_WORK INSTRUCTION_
Could you reproduce, from the records below, everything from the line with "then show ?thesis by (rule that)" down to the line with "proof (rule eventually_mono, intro ballI)", keeping both of those lines and changing nothing?

*** Opening ENTRIES SHOWN ***

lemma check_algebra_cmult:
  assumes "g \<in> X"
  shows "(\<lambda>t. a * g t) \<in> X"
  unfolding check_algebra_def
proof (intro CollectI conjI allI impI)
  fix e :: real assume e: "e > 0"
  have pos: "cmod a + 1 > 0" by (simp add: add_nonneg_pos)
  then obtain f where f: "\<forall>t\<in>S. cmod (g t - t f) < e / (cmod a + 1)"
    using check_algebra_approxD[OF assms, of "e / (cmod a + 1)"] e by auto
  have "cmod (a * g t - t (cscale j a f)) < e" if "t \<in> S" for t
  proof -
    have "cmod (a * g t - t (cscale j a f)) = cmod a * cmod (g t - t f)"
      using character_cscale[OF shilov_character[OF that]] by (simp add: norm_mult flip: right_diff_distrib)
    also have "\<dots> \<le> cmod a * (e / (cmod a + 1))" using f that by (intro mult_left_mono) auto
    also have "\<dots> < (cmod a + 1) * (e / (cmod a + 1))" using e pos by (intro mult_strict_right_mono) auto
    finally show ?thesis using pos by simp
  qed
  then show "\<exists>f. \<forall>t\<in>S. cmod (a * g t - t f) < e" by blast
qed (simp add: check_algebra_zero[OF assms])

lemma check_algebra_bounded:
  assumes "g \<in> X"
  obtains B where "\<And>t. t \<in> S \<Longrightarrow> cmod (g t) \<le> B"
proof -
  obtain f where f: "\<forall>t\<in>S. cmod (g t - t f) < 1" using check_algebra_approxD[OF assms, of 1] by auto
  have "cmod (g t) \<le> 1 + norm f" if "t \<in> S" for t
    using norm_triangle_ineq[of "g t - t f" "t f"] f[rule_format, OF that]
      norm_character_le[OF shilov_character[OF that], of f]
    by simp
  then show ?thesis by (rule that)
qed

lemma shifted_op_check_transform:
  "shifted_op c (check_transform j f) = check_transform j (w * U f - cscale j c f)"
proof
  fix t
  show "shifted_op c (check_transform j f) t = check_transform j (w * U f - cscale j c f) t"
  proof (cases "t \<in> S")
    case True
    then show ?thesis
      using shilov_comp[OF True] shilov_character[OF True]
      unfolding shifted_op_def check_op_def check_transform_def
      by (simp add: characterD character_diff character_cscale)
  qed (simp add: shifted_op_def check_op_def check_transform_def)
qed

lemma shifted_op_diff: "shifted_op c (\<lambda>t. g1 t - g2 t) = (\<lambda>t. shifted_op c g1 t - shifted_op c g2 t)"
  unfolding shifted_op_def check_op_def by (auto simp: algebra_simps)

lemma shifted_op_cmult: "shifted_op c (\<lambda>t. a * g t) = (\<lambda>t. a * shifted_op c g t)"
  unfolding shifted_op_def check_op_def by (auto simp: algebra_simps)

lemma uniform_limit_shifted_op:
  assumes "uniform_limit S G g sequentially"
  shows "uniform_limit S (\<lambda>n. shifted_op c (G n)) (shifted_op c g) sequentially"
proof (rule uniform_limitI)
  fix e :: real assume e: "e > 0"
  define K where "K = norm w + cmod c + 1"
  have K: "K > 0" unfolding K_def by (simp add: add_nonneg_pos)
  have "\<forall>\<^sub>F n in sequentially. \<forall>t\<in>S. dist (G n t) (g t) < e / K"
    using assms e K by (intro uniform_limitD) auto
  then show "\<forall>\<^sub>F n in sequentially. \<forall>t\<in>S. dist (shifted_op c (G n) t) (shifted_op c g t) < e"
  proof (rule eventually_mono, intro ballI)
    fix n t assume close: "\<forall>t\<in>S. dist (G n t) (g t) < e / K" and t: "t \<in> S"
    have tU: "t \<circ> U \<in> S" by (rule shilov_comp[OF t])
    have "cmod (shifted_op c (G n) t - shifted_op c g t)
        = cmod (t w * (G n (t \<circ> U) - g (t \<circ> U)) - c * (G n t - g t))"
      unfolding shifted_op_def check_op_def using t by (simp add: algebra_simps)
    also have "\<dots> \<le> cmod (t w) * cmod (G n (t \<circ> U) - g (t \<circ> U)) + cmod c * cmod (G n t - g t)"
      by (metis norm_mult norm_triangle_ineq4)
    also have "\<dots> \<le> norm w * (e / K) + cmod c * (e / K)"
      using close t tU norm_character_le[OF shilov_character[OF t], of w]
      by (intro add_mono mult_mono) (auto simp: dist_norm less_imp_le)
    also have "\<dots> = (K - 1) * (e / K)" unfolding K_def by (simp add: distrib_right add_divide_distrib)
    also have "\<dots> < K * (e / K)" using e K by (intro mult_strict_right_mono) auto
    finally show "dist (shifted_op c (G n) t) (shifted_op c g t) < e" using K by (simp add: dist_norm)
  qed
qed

*** Closing ENTRIES SHOWN ***
*** Opening ENTRIES SHOWN ***

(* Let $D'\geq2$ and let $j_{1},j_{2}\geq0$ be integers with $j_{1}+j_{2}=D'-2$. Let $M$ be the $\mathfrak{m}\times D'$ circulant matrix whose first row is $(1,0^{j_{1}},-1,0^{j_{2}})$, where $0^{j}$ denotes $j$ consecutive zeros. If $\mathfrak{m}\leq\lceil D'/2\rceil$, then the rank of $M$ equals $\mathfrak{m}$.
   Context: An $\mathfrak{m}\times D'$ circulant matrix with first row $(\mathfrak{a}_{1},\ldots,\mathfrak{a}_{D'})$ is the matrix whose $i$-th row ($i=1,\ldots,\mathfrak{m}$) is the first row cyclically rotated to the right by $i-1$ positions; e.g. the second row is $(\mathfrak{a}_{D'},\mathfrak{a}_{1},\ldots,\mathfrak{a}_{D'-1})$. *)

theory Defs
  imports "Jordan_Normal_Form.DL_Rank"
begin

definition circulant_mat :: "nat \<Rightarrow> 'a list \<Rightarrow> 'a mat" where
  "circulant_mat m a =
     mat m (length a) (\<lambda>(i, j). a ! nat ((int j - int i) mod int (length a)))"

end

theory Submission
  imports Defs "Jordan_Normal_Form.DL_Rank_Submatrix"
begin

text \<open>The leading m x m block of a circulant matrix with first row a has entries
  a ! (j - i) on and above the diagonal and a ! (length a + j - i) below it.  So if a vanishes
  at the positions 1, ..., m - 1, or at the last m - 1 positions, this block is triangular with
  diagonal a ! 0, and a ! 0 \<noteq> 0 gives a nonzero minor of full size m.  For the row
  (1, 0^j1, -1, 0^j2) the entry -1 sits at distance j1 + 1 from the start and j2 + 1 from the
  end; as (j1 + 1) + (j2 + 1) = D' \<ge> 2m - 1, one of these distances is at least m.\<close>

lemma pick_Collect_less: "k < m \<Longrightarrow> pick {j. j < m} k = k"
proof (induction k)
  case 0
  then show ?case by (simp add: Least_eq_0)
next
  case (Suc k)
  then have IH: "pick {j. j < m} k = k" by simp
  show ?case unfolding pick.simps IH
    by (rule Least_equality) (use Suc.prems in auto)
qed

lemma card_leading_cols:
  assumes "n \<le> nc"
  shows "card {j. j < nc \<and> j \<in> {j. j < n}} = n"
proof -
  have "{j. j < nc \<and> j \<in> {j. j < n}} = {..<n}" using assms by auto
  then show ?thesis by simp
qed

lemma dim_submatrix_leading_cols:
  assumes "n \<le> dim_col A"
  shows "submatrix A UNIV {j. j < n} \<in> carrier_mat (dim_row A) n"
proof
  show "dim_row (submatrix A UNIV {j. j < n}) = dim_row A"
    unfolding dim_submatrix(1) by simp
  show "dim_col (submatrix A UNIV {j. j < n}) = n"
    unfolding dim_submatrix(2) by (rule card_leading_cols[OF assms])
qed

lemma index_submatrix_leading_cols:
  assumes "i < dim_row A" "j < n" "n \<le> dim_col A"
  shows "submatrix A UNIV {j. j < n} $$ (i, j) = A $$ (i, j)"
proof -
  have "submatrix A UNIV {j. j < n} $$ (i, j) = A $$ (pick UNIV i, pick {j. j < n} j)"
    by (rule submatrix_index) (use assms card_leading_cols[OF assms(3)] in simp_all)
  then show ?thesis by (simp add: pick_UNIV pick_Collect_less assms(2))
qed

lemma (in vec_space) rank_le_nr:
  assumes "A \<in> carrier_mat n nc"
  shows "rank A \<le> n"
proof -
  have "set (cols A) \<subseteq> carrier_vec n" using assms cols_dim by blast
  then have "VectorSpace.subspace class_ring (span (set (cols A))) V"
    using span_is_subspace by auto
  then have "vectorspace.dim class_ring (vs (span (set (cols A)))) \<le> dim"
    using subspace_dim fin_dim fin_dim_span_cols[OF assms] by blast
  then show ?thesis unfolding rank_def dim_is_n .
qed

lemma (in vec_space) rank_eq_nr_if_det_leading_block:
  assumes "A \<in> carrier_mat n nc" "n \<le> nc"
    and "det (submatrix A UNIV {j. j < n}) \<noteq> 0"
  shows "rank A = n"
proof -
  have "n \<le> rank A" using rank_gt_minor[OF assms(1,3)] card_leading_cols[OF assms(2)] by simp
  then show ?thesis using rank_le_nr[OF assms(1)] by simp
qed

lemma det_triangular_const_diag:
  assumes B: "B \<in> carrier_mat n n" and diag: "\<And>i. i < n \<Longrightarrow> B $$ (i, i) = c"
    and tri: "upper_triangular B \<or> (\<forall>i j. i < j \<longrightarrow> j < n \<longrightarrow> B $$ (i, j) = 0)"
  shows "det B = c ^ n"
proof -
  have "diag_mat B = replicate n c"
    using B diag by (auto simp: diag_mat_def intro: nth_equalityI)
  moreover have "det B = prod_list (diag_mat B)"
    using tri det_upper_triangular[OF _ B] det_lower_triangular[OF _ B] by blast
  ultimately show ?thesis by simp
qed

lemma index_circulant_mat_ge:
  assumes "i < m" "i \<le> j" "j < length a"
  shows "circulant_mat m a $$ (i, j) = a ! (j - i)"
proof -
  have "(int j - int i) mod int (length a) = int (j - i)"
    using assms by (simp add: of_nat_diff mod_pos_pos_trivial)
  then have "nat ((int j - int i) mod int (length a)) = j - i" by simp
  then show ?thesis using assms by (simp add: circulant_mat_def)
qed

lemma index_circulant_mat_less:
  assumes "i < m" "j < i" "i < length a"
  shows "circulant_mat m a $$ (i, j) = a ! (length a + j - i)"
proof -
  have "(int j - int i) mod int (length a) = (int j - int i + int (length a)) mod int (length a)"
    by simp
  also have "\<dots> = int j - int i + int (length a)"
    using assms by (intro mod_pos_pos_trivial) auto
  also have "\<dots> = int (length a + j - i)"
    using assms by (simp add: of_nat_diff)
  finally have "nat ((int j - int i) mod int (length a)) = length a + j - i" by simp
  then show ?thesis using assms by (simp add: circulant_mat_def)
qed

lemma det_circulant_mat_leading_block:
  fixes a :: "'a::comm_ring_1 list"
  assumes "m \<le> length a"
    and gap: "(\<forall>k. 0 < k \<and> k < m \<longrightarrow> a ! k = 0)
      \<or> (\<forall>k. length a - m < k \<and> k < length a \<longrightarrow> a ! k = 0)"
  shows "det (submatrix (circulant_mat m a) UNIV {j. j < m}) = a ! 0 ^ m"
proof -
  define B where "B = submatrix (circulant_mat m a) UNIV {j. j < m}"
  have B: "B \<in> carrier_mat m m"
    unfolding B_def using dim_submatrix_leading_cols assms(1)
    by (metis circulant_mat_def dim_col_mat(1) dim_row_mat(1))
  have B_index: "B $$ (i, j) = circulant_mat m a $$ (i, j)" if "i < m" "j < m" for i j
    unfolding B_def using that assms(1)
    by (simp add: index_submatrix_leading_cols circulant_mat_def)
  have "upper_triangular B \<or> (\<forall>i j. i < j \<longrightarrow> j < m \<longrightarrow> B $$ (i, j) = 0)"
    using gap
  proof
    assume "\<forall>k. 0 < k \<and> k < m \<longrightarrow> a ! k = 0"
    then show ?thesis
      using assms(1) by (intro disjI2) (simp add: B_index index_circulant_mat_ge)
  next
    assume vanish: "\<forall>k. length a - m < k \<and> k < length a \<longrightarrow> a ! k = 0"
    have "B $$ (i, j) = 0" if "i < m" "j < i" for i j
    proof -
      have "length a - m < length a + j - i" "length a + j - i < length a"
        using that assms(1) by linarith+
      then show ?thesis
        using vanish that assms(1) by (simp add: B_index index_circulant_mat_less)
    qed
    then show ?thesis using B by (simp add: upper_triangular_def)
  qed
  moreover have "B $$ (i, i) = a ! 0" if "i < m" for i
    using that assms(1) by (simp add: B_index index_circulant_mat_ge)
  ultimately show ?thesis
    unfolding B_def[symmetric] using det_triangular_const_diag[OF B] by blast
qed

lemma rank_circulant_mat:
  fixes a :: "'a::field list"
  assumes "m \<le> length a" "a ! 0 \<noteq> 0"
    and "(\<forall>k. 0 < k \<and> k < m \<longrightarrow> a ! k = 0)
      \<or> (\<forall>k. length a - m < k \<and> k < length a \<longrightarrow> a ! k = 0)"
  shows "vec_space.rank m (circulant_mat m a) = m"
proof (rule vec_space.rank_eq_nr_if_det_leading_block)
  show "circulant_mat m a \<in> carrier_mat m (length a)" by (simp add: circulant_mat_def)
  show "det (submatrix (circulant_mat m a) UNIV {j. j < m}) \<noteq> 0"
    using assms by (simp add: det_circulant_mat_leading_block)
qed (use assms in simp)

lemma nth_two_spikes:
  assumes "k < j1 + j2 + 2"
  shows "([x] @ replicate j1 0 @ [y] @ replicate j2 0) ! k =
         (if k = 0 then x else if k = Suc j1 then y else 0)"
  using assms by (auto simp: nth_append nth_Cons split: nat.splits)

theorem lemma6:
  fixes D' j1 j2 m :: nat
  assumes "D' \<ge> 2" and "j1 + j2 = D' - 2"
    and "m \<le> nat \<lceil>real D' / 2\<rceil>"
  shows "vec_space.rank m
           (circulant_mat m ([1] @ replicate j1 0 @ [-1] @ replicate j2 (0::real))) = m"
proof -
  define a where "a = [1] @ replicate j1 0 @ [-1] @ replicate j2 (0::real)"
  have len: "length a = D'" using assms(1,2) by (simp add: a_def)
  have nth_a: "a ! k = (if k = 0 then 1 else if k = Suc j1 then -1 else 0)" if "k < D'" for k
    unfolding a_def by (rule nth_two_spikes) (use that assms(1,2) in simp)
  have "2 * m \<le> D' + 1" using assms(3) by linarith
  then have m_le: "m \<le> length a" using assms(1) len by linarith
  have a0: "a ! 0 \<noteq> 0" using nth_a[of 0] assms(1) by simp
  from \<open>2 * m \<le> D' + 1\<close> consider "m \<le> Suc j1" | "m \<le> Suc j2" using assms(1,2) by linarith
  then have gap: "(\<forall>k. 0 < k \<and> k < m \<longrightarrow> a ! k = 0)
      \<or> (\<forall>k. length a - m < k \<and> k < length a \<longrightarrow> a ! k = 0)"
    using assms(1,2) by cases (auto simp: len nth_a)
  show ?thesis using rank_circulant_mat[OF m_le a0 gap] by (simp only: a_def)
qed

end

*** Closing ENTRIES SHOWN ***
*** Opening ENTRIES SHOWN ***

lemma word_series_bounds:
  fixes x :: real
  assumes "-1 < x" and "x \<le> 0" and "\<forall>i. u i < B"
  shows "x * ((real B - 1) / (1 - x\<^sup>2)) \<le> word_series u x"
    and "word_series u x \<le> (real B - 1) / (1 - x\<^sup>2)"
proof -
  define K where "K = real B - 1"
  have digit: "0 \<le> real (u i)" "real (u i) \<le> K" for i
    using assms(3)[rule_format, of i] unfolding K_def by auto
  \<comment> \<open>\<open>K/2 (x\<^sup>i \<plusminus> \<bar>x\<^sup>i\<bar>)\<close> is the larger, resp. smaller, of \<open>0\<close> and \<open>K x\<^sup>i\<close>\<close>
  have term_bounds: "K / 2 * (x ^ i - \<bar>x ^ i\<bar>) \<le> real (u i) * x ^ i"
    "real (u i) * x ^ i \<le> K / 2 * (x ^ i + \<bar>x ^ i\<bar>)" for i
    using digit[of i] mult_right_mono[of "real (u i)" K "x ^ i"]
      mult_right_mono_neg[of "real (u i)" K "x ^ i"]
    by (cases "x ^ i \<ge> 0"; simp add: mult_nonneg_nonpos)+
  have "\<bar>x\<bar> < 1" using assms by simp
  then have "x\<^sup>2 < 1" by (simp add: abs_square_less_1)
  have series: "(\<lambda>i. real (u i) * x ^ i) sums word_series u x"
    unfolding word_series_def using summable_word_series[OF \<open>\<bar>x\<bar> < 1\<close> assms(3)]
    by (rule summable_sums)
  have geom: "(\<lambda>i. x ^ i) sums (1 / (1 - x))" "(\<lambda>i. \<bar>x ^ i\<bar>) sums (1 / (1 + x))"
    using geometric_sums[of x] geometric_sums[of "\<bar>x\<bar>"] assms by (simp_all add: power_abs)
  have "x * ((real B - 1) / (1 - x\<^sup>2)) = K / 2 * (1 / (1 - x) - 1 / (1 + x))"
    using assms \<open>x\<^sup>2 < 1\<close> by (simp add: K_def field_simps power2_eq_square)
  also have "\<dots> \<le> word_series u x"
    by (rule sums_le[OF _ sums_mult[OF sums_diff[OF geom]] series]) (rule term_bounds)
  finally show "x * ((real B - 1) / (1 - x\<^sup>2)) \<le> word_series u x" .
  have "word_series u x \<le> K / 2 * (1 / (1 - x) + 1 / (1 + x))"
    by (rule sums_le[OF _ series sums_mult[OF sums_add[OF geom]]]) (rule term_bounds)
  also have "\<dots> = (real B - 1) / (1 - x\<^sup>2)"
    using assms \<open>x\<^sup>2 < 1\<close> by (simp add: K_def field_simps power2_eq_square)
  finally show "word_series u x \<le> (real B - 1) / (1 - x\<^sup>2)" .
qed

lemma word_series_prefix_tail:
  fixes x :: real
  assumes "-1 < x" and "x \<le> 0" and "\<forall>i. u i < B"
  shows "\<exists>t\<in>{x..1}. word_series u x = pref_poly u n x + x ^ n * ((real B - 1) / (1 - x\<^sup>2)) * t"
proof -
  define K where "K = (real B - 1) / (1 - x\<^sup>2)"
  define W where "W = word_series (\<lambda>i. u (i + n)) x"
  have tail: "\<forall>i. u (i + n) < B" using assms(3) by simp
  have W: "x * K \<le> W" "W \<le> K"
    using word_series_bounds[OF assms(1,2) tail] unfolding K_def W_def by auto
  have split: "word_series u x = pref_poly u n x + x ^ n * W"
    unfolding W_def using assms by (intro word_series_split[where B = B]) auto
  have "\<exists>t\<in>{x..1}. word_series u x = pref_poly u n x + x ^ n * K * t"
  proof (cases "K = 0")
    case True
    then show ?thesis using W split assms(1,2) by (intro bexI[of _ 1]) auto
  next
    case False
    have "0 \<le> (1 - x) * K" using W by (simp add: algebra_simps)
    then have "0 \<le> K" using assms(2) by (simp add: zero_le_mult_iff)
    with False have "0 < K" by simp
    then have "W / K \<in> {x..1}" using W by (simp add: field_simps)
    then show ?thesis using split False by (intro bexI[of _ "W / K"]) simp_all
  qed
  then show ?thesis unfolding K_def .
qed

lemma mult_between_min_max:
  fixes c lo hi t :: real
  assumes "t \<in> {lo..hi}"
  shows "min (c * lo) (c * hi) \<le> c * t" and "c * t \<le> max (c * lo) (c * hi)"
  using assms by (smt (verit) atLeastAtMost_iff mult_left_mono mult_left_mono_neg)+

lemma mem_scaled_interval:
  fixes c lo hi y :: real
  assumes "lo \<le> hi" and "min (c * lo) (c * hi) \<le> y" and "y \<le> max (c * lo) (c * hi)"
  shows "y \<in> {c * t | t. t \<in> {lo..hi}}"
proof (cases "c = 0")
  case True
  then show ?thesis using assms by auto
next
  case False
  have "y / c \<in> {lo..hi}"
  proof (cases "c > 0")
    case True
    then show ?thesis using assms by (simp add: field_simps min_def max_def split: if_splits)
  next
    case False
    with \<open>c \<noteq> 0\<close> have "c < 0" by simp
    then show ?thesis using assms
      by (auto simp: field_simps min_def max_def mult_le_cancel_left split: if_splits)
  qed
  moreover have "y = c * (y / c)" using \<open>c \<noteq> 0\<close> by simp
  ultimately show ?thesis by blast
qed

*** Closing ENTRIES SHOWN ***

_EXPECTED ANSWER_
  then show ?thesis by (rule that)
qed

lemma shifted_op_check_transform:
  "shifted_op c (check_transform j f) = check_transform j (w * U f - cscale j c f)"
proof
  fix t
  show "shifted_op c (check_transform j f) t = check_transform j (w * U f - cscale j c f) t"
  proof (cases "t \<in> S")
    case True
    then show ?thesis
      using shilov_comp[OF True] shilov_character[OF True]
      unfolding shifted_op_def check_op_def check_transform_def
      by (simp add: characterD character_diff character_cscale)
  qed (simp add: shifted_op_def check_op_def check_transform_def)
qed

lemma shifted_op_diff: "shifted_op c (\<lambda>t. g1 t - g2 t) = (\<lambda>t. shifted_op c g1 t - shifted_op c g2 t)"
  unfolding shifted_op_def check_op_def by (auto simp: algebra_simps)

lemma shifted_op_cmult: "shifted_op c (\<lambda>t. a * g t) = (\<lambda>t. a * shifted_op c g t)"
  unfolding shifted_op_def check_op_def by (auto simp: algebra_simps)

lemma uniform_limit_shifted_op:
  assumes "uniform_limit S G g sequentially"
  shows "uniform_limit S (\<lambda>n. shifted_op c (G n)) (shifted_op c g) sequentially"
proof (rule uniform_limitI)
  fix e :: real assume e: "e > 0"
  define K where "K = norm w + cmod c + 1"
  have K: "K > 0" unfolding K_def by (simp add: add_nonneg_pos)
  have "\<forall>\<^sub>F n in sequentially. \<forall>t\<in>S. dist (G n t) (g t) < e / K"
    using assms e K by (intro uniform_limitD) auto
  then show "\<forall>\<^sub>F n in sequentially. \<forall>t\<in>S. dist (shifted_op c (G n) t) (shifted_op c g t) < e"
  proof (rule eventually_mono, intro ballI)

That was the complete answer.